[Stored data]
(* Let $W_n$ be the wheel graph on $n\geq 4$ vertices, i.e. a cycle on $n-1$ vertices together with one additional vertex adjacent to all of them. Let $c_0:V(W_n)\to\mathbb{Z}$ be any initial chip configuration. Then the sequence of configurations $(c_t)_{t\ge0}$ produced by the diffusion process is eventually periodic, i.e. there exist $t\geq 0$ and $p\geq 1$ with $c_{t+p}=c_t$.
   Context: Diffusion process: for a finite simple graph $G$ and a chip configuration $c_t:V(G)\to\mathbb{Z}$ (negative values allowed), the next configuration is defined simultaneously for every vertex $u$ by $c_{t+1}(u)=c_t(u)-|\{w\in N(u): c_t(u)>c_t(w)\}|+|\{w\in N(u): c_t(u)<c_t(w)\}|$. *)

theory Defs
  imports Main
begin

(* A finite simple graph is given by a vertex set V and a symmetric irreflexive
   adjacency relation E.  Neighbourhood of u: N(u) = {w \<in> V. E u w}. *)

definition diffusion_step :: "'a set \<Rightarrow> ('a \<Rightarrow> 'a \<Rightarrow> bool) \<Rightarrow> ('a \<Rightarrow> int) \<Rightarrow> ('a \<Rightarrow> int)" where
  "diffusion_step V E c = (\<lambda>u.
     c u - int (card {w \<in> V. E u w \<and> c u > c w})
         + int (card {w \<in> V. E u w \<and> c u < c w}))"

definition diffusion :: "'a set \<Rightarrow> ('a \<Rightarrow> 'a \<Rightarrow> bool) \<Rightarrow> ('a \<Rightarrow> int) \<Rightarrow> nat \<Rightarrow> ('a \<Rightarrow> int)" where
  "diffusion V E c0 t = (diffusion_step V E ^^ t) c0"

(* Wheel graph W_n on vertex set {0..<n}: vertex 0 is the hub, adjacent to all
   others; vertices 1..n-1 form a cycle 1 - 2 - ... - (n-1) - 1. *)
definition wheel_V :: "nat \<Rightarrow> nat set" where
  "wheel_V n = {0..<n}"

definition wheel_E :: "nat \<Rightarrow> nat \<Rightarrow> nat \<Rightarrow> bool" where
  "wheel_E n u w \<longleftrightarrow> u < n \<and> w < n \<and> u \<noteq> w \<and>
     (u = 0 \<or> w = 0 \<or>
      (u \<noteq> 0 \<and> w \<noteq> 0 \<and> ((u mod (n - 1)) + 1 = w \<or> (w mod (n - 1)) + 1 = u)))"

end

theory Submission
  imports Defs "HOL-Library.FuncSet"
begin

text \<open>The flow along an edge is antisymmetric, so the chip total is conserved, and the
  quadratic energy \<open>\<Sum>\<^sub>u c(u)\<^sup>2\<close> drops in one step by the total variation
  \<open>\<Sum>\<^sub>u \<Sum>\<^sub>w |c(u) - c(w)|\<close> (over adjacent \<open>u, w\<close>), up to an additive error \<open>|V|\<^sup>3\<close>.
  If some vertex is adjacent to all others, a small total variation forces every value to lie
  near the conserved average, so the energy stays bounded along the whole orbit. Only finitely
  many configurations then occur, and by pigeonhole one of them recurs.\<close>

definition diffusion_flow :: "'a set \<Rightarrow> ('a \<Rightarrow> 'a \<Rightarrow> bool) \<Rightarrow> ('a \<Rightarrow> int) \<Rightarrow> 'a \<Rightarrow> int" where
  "diffusion_flow V E c u = (\<Sum>w\<in>V. if E u w then sgn (c w - c u) else 0)"

definition total_variation :: "'a set \<Rightarrow> ('a \<Rightarrow> 'a \<Rightarrow> bool) \<Rightarrow> ('a \<Rightarrow> int) \<Rightarrow> int" where
  "total_variation V E c = (\<Sum>u\<in>V. \<Sum>w\<in>V. if E u w then \<bar>c u - c w\<bar> else 0)"

lemma diffusion_step_eq_flow:
  assumes "finite V"
  shows "diffusion_step V E c u = c u + diffusion_flow V E c u"
proof -
  have "diffusion_flow V E c u =
      (\<Sum>w\<in>V. (if E u w \<and> c u < c w then 1 else 0) - (if E u w \<and> c u > c w then 1 else 0))"
    unfolding diffusion_flow_def by (rule sum.cong) (auto simp: sgn_if)
  also have "\<dots> = int (card {w \<in> V. E u w \<and> c u < c w}) - int (card {w \<in> V. E u w \<and> c u > c w})"
    using assms by (simp add: sum_subtractf sum.inter_filter[symmetric])
  finally show ?thesis unfolding diffusion_step_def by simp
qed

lemma diffusion_Suc:
  assumes "finite V"
  shows "diffusion V E c0 (Suc t) u = diffusion V E c0 t u + diffusion_flow V E (diffusion V E c0 t) u"
  using diffusion_step_eq_flow[OF assms] by (simp add: diffusion_def)

lemma sum_diffusion_flow:
  fixes E :: "'a \<Rightarrow> 'a \<Rightarrow> bool" and c :: "'a \<Rightarrow> int"
  assumes "finite V" and sym: "\<And>u w. E u w \<Longrightarrow> E w u"
  shows "(\<Sum>u\<in>V. diffusion_flow V E c u) = 0"
proof -
  let ?f = "\<lambda>u w. if E u w then sgn (c w - c u) else (0::int)"
  have "(\<Sum>u\<in>V. \<Sum>w\<in>V. ?f u w) = (\<Sum>w\<in>V. \<Sum>u\<in>V. ?f u w)" by (rule sum.swap)
  also have "\<dots> = (\<Sum>w\<in>V. \<Sum>u\<in>V. - ?f w u)"
    using sym by (intro sum.cong refl) (auto simp: sgn_if)
  also have "\<dots> = - (\<Sum>w\<in>V. \<Sum>u\<in>V. ?f w u)" by (simp add: sum_negf)
  finally show ?thesis unfolding diffusion_flow_def by simp
qed

lemma sum_diffusion:
  fixes E :: "'a \<Rightarrow> 'a \<Rightarrow> bool" and c0 :: "'a \<Rightarrow> int"
  assumes "finite V" and "\<And>u w. E u w \<Longrightarrow> E w u"
  shows "(\<Sum>u\<in>V. diffusion V E c0 t u) = (\<Sum>u\<in>V. c0 u)"
proof (induction t)
  case 0
  show ?case by (simp add: diffusion_def)
next
  case (Suc t)
  then show ?case
    using sum_diffusion_flow[where E=E, OF assms]
    by (simp add: diffusion_Suc[OF assms(1)] sum.distrib)
qed

lemma sum_mult_diffusion_flow:
  fixes E :: "'a \<Rightarrow> 'a \<Rightarrow> bool" and c :: "'a \<Rightarrow> int"
  assumes "finite V" and sym: "\<And>u w. E u w \<Longrightarrow> E w u"
  shows "2 * (\<Sum>u\<in>V. c u * diffusion_flow V E c u) = - total_variation V E c"
proof -
  let ?g = "\<lambda>u w. if E u w then c u * sgn (c w - c u) else (0::int)"
  have expand: "(\<Sum>u\<in>V. c u * diffusion_flow V E c u) = (\<Sum>u\<in>V. \<Sum>w\<in>V. ?g u w)"
    unfolding diffusion_flow_def by (simp add: sum_distrib_left if_distrib cong: if_cong)
  have "(\<Sum>u\<in>V. \<Sum>w\<in>V. ?g u w) = (\<Sum>w\<in>V. \<Sum>u\<in>V. ?g u w)" by (rule sum.swap)
  then have "2 * (\<Sum>u\<in>V. \<Sum>w\<in>V. ?g u w) = (\<Sum>u\<in>V. \<Sum>w\<in>V. ?g u w + ?g w u)"
    by (simp add: sum.distrib)
  also have "\<dots> = (\<Sum>u\<in>V. \<Sum>w\<in>V. - (if E u w then \<bar>c u - c w\<bar> else 0))"
    using sym by (intro sum.cong refl) (auto simp: sgn_if abs_if)
  finally show ?thesis unfolding expand total_variation_def by (simp add: sum_negf)
qed

lemma abs_diffusion_flow_le:
  assumes "finite V"
  shows "\<bar>diffusion_flow V E c u\<bar> \<le> int (card V)"
proof -
  have "\<bar>diffusion_flow V E c u\<bar> \<le> (\<Sum>w\<in>V. \<bar>if E u w then sgn (c w - c u) else 0\<bar>)"
    unfolding diffusion_flow_def by (rule sum_abs)
  also have "\<dots> \<le> (\<Sum>w\<in>V. 1)" by (rule sum_mono) (auto simp: abs_sgn_eq)
  finally show ?thesis by simp
qed

lemma total_variation_nonneg: "total_variation V E c \<ge> 0"
  unfolding total_variation_def by (intro sum_nonneg) auto

lemma sum_square_diffusion_step_le:
  fixes E :: "'a \<Rightarrow> 'a \<Rightarrow> bool" and c :: "'a \<Rightarrow> int"
  assumes "finite V" and "\<And>u w. E u w \<Longrightarrow> E w u"
  shows "(\<Sum>u\<in>V. (diffusion_step V E c u)\<^sup>2)
           \<le> (\<Sum>u\<in>V. (c u)\<^sup>2) - total_variation V E c + int (card V) ^ 3"
proof -
  let ?d = "diffusion_flow V E c"
  have "(\<Sum>u\<in>V. (diffusion_step V E c u)\<^sup>2)
          = (\<Sum>u\<in>V. (c u)\<^sup>2) + 2 * (\<Sum>u\<in>V. c u * ?d u) + (\<Sum>u\<in>V. (?d u)\<^sup>2)"
    by (simp add: diffusion_step_eq_flow[OF assms(1)] power2_sum sum.distrib
        sum_distrib_left mult.assoc)
  moreover have "(\<Sum>u\<in>V. (?d u)\<^sup>2) \<le> (\<Sum>u\<in>V. (int (card V))\<^sup>2)"
  proof (rule sum_mono)
    fix u
    have "\<bar>?d u\<bar>\<^sup>2 \<le> (int (card V))\<^sup>2"
      by (rule power_mono[OF abs_diffusion_flow_le[OF assms(1)]]) simp
    then show "(?d u)\<^sup>2 \<le> (int (card V))\<^sup>2" by simp
  qed
  moreover have "(\<Sum>u\<in>V. (int (card V))\<^sup>2) = int (card V) ^ 3"
    by (simp add: power2_eq_square power3_eq_cube)
  ultimately show ?thesis
    using sum_mult_diffusion_flow[where E=E and c=c, OF assms] by linarith
qed

lemma sum_abs_diff_dominating_le_total_variation:
  fixes E :: "'a \<Rightarrow> 'a \<Rightarrow> bool" and c :: "'a \<Rightarrow> int"
  assumes "finite V" and "z \<in> V" and dom: "\<And>u. u \<in> V \<Longrightarrow> u \<noteq> z \<Longrightarrow> E u z"
  shows "(\<Sum>u\<in>V. \<bar>c u - c z\<bar>) \<le> total_variation V E c"
  unfolding total_variation_def
proof (rule sum_mono)
  fix u assume "u \<in> V"
  show "\<bar>c u - c z\<bar> \<le> (\<Sum>w\<in>V. if E u w then \<bar>c u - c w\<bar> else 0)"
  proof (cases "u = z")
    case False
    have "(if E u z then \<bar>c u - c z\<bar> else 0) \<le> (\<Sum>w\<in>V. if E u w then \<bar>c u - c w\<bar> else 0)"
      using assms(1,2) by (intro member_le_sum) auto
    with dom[OF \<open>u \<in> V\<close> False] show ?thesis by simp
  qed (simp add: sum_nonneg)
qed

lemma abs_le_sum_plus_total_variation:
  fixes E :: "'a \<Rightarrow> 'a \<Rightarrow> bool" and c :: "'a \<Rightarrow> int"
  assumes "finite V" and "z \<in> V" and "\<And>u. u \<in> V \<Longrightarrow> u \<noteq> z \<Longrightarrow> E u z" and "u \<in> V"
  shows "\<bar>c u\<bar> \<le> \<bar>\<Sum>w\<in>V. c w\<bar> + 2 * total_variation V E c"
proof -
  let ?D = "total_variation V E c"
  have spread: "(\<Sum>w\<in>V. \<bar>c w - c z\<bar>) \<le> ?D"
    by (rule sum_abs_diff_dominating_le_total_variation[where E=E and c=c, OF assms(1-3)])
  have "\<bar>c u - c z\<bar> \<le> (\<Sum>w\<in>V. \<bar>c w - c z\<bar>)"
    using assms(1,4) by (intro member_le_sum) auto
  then have near_z: "\<bar>c u - c z\<bar> \<le> ?D" using spread by linarith
  have "int (card V) * c z - (\<Sum>w\<in>V. c w) = (\<Sum>w\<in>V. c z - c w)"
    by (simp add: sum_subtractf)
  also have "\<bar>\<dots>\<bar> \<le> (\<Sum>w\<in>V. \<bar>c w - c z\<bar>)"
    by (metis (no_types, lifting) abs_minus_commute sum.cong sum_abs)
  finally have "\<bar>int (card V) * c z\<bar> \<le> \<bar>\<Sum>w\<in>V. c w\<bar> + ?D" using spread by linarith
  moreover have "\<bar>c z\<bar> \<le> \<bar>int (card V) * c z\<bar>"
    using assms(1,2) card_gt_0_iff[of V] by (auto simp: abs_mult mult_le_cancel_right1)
  ultimately show ?thesis using near_z by linarith
qed

lemma diffusion_sum_square_bounded:
  fixes E :: "'a \<Rightarrow> 'a \<Rightarrow> bool" and c0 :: "'a \<Rightarrow> int"
  assumes fin: "finite V" and sym: "\<And>u w. E u w \<Longrightarrow> E w u"
    and "z \<in> V" and "\<And>u. u \<in> V \<Longrightarrow> u \<noteq> z \<Longrightarrow> E u z"
  shows "\<exists>K. \<forall>t. (\<Sum>u\<in>V. (diffusion V E c0 t u)\<^sup>2) \<le> K"
proof -
  define c where "c = diffusion V E c0"
  define S where "S = (\<Sum>u\<in>V. c0 u)"
  define R where "R = int (card V) ^ 3"
  define En where "En t = (\<Sum>u\<in>V. (c t u)\<^sup>2)" for t
  have step: "En (Suc t) \<le> En t - total_variation V E (c t) + R" for t
    using sum_square_diffusion_step_le[where E=E and c="c t", OF fin sym]
    by (simp add: En_def R_def c_def diffusion_def)
  have small: "En t \<le> int (card V) * (\<bar>S\<bar> + 2 * R)\<^sup>2" if "total_variation V E (c t) < R" for t
  proof -
    have "(c t u)\<^sup>2 \<le> (\<bar>S\<bar> + 2 * R)\<^sup>2" if "u \<in> V" for u
    proof -
      have "\<bar>c t u\<bar> \<le> \<bar>S\<bar> + 2 * total_variation V E (c t)"
        using abs_le_sum_plus_total_variation[where E=E and c="c t", OF fin assms(3,4) that]
          sum_diffusion[where E=E, OF fin sym] by (simp add: c_def S_def)
      then have "\<bar>c t u\<bar> \<le> \<bar>S\<bar> + 2 * R" using \<open>total_variation V E (c t) < R\<close> by linarith
      then have "\<bar>c t u\<bar>\<^sup>2 \<le> (\<bar>S\<bar> + 2 * R)\<^sup>2" by (rule power_mono) simp
      then show ?thesis by simp
    qed
    then have "En t \<le> (\<Sum>u\<in>V. (\<bar>S\<bar> + 2 * R)\<^sup>2)" unfolding En_def by (rule sum_mono)
    then show ?thesis by simp
  qed
  define K where "K = max (En 0) (int (card V) * (\<bar>S\<bar> + 2 * R)\<^sup>2 + R)"
  have "En t \<le> K" for t
  proof (induction t)
    case (Suc t)
    show ?case
    proof (cases "total_variation V E (c t) < R")
      case True
      then show ?thesis
        using step[of t] small[of t] total_variation_nonneg[of V E "c t"]
        by (simp add: K_def)
    qed (use step[of t] Suc in linarith)
  qed (simp add: K_def)
  then show ?thesis by (auto simp: En_def c_def)
qed

lemma abs_le_square_int: "\<bar>x::int\<bar> \<le> x\<^sup>2"
proof (cases "x = 0")
  case False
  then have "\<bar>x\<bar> * 1 \<le> \<bar>x\<bar> * \<bar>x\<bar>" by (intro mult_left_mono) auto
  then show ?thesis by (simp add: power2_eq_square abs_mult_self_eq)
qed simp

lemma diffusion_bounded:
  fixes E :: "'a \<Rightarrow> 'a \<Rightarrow> bool" and c0 :: "'a \<Rightarrow> int"
  assumes "finite V" and "\<And>u w. E u w \<Longrightarrow> E w u"
    and "z \<in> V" and "\<And>u. u \<in> V \<Longrightarrow> u \<noteq> z \<Longrightarrow> E u z"
  shows "\<exists>K. \<forall>t. \<forall>u\<in>V. \<bar>diffusion V E c0 t u\<bar> \<le> K"
proof -
  obtain K where K: "\<And>t. (\<Sum>u\<in>V. (diffusion V E c0 t u)\<^sup>2) \<le> K"
    using diffusion_sum_square_bounded[where E=E, OF assms] by blast
  have "\<bar>diffusion V E c0 t u\<bar> \<le> K" if "u \<in> V" for t u
  proof -
    have "(diffusion V E c0 t u)\<^sup>2 \<le> (\<Sum>u\<in>V. (diffusion V E c0 t u)\<^sup>2)"
      using assms(1) that by (intro member_le_sum) auto
    then show ?thesis using K[of t] abs_le_square_int[of "diffusion V E c0 t u"] by linarith
  qed
  then show ?thesis by blast
qed

lemma bounded_sequence_recurs:
  fixes f :: "nat \<Rightarrow> 'a \<Rightarrow> int"
  assumes "finite V" and bounded: "\<And>t u. u \<in> V \<Longrightarrow> \<bar>f t u\<bar> \<le> K"
  shows "\<exists>t p. p \<ge> 1 \<and> (\<forall>v\<in>V. f (t + p) v = f t v)"
proof -
  define g where "g t = restrict (f t) V" for t
  have "range g \<subseteq> PiE V (\<lambda>_. {-K..K})"
  proof (clarsimp simp: g_def)
    fix t u assume "u \<in> V"
    then show "-K \<le> f t u \<and> f t u \<le> K" using bounded[of u t] by linarith
  qed
  moreover have "finite (PiE V (\<lambda>_. {-K..K}))"
    using assms(1) by (intro finite_PiE) auto
  ultimately have "\<not> inj g"
    using finite_subset finite_imageD infinite_UNIV_nat by blast
  then obtain t1 t2 where "t1 < t2" and "g t1 = g t2"
    unfolding inj_def by (metis linorder_neqE_nat)
  then have "\<forall>v\<in>V. f (t1 + (t2 - t1)) v = f t1 v"
    unfolding g_def by (metis le_add_diff_inverse less_imp_le restrict_apply')
  with \<open>t1 < t2\<close> show ?thesis by (intro exI[of _ t1] exI[of _ "t2 - t1"]) auto
qed

lemma wheel_E_sym: "wheel_E n u w \<Longrightarrow> wheel_E n w u"
  unfolding wheel_E_def by auto

lemma wheel_E_hub: "u \<in> wheel_V n \<Longrightarrow> u \<noteq> 0 \<Longrightarrow> wheel_E n u 0"
  unfolding wheel_E_def wheel_V_def by auto

theorem theorem9:
  fixes n :: nat and c0 :: "nat \<Rightarrow> int"
  assumes "n \<ge> 4"
  shows "\<exists>t p. p \<ge> 1 \<and>
           (\<forall>v \<in> wheel_V n. diffusion (wheel_V n) (wheel_E n) c0 (t + p) v
                            = diffusion (wheel_V n) (wheel_E n) c0 t v)"
proof -
  have fin: "finite (wheel_V n)" and hub: "0 \<in> wheel_V n"
    using assms by (auto simp: wheel_V_def)
  obtain K where "\<forall>t. \<forall>u\<in>wheel_V n. \<bar>diffusion (wheel_V n) (wheel_E n) c0 t u\<bar> \<le> K"
    using diffusion_bounded[where E="wheel_E n", OF fin wheel_E_sym hub wheel_E_hub] by blast
  then show ?thesis
    using bounded_sequence_recurs[OF fin] by blast
qed

end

Requirement: From the entries above, write out only the lines starting at the line that holds "int) \<Rightarrow> 'a" and ending at the line that holds "using assms by (simp", keeping both and matching them exactly.

Answer below:
definition diffusion_flow :: "'a set \<Rightarrow> ('a \<Rightarrow> 'a \<Rightarrow> bool) \<Rightarrow> ('a \<Rightarrow> int) \<Rightarrow> 'a \<Rightarrow> int" where
  "diffusion_flow V E c u = (\<Sum>w\<in>V. if E u w then sgn (c w - c u) else 0)"

definition total_variation :: "'a set \<Rightarrow> ('a \<Rightarrow> 'a \<Rightarrow> bool) \<Rightarrow> ('a \<Rightarrow> int) \<Rightarrow> int" where
  "total_variation V E c = (\<Sum>u\<in>V. \<Sum>w\<in>V. if E u w then \<bar>c u - c w\<bar> else 0)"

lemma diffusion_step_eq_flow:
  assumes "finite V"
  shows "diffusion_step V E c u = c u + diffusion_flow V E c u"
proof -
  have "diffusion_flow V E c u =
      (\<Sum>w\<in>V. (if E u w \<and> c u < c w then 1 else 0) - (if E u w \<and> c u > c w then 1 else 0))"
    unfolding diffusion_flow_def by (rule sum.cong) (auto simp: sgn_if)
  also have "\<dots> = int (card {w \<in> V. E u w \<and> c u < c w}) - int (card {w \<in> V. E u w \<and> c u > c w})"
    using assms by (simp add: sum_subtractf sum.inter_filter[symmetric])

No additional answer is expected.